** PROBLEM **
Say how many of the lines below hold "have", writing the number and nothing more.

** EXERCISE DATA **

lemma det_scale_basis: "det (basis_mat (scale_basis S C)) = unif ^ card S * det (basis_mat C)"
proof -
  have "(\<Prod>i\<in>UNIV. if i \<in> S then unif else 1) = unif ^ card S"
    by (simp add: prod.If_cases)
  then show ?thesis
    using det_basis_mat_scale[of "\<lambda>i. if i \<in> S then unif else 1" C]
    by (simp add: scale_basis_def[abs_def])
qed

lemma det_OL: "(\<And>i j. U $ i $ j \<in> OL) \<Longrightarrow> det U \<in> OL"
  unfolding det_def
proof (intro OL_sum OL_mult OL_prod)
  fix p :: "'a \<Rightarrow> 'a"
  show "of_int (sign p) \<in> OL" by (cases p rule: sign_cases) (auto intro: OL_minus)
qed

lemma O_span_subset_coords:
  fixes C D :: "'n \<Rightarrow> 'L ^ 'n"
  assumes "O_span OL D \<subseteq> O_span OL C"
  shows "\<exists>U. (\<forall>i j. U $ i $ j \<in> OL) \<and> basis_mat D = U ** basis_mat C"
proof -
  have "D i \<in> O_span OL C" for i using assms O_span_basis_mem[of D i] by blast
  then have "\<forall>i. \<exists>c. (\<forall>j. c j \<in> OL) \<and> D i = (\<Sum>j\<in>UNIV. c j *s C j)"
    unfolding O_span_def by blast
  then obtain c where c: "\<And>i j. c i j \<in> OL" "\<And>i. D i = (\<Sum>j\<in>UNIV. c i j *s C j)"
    by metis
  then have "basis_mat D = (\<chi> i j. c i j) ** basis_mat C"
    using basis_mat_lincomb[of "\<chi> i j. c i j" C] by (simp add: basis_mat_def)
  with c(1) show ?thesis by (intro exI[of _ "\<chi> i j. c i j"]) auto
qed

** RESPONSE BELOW **
4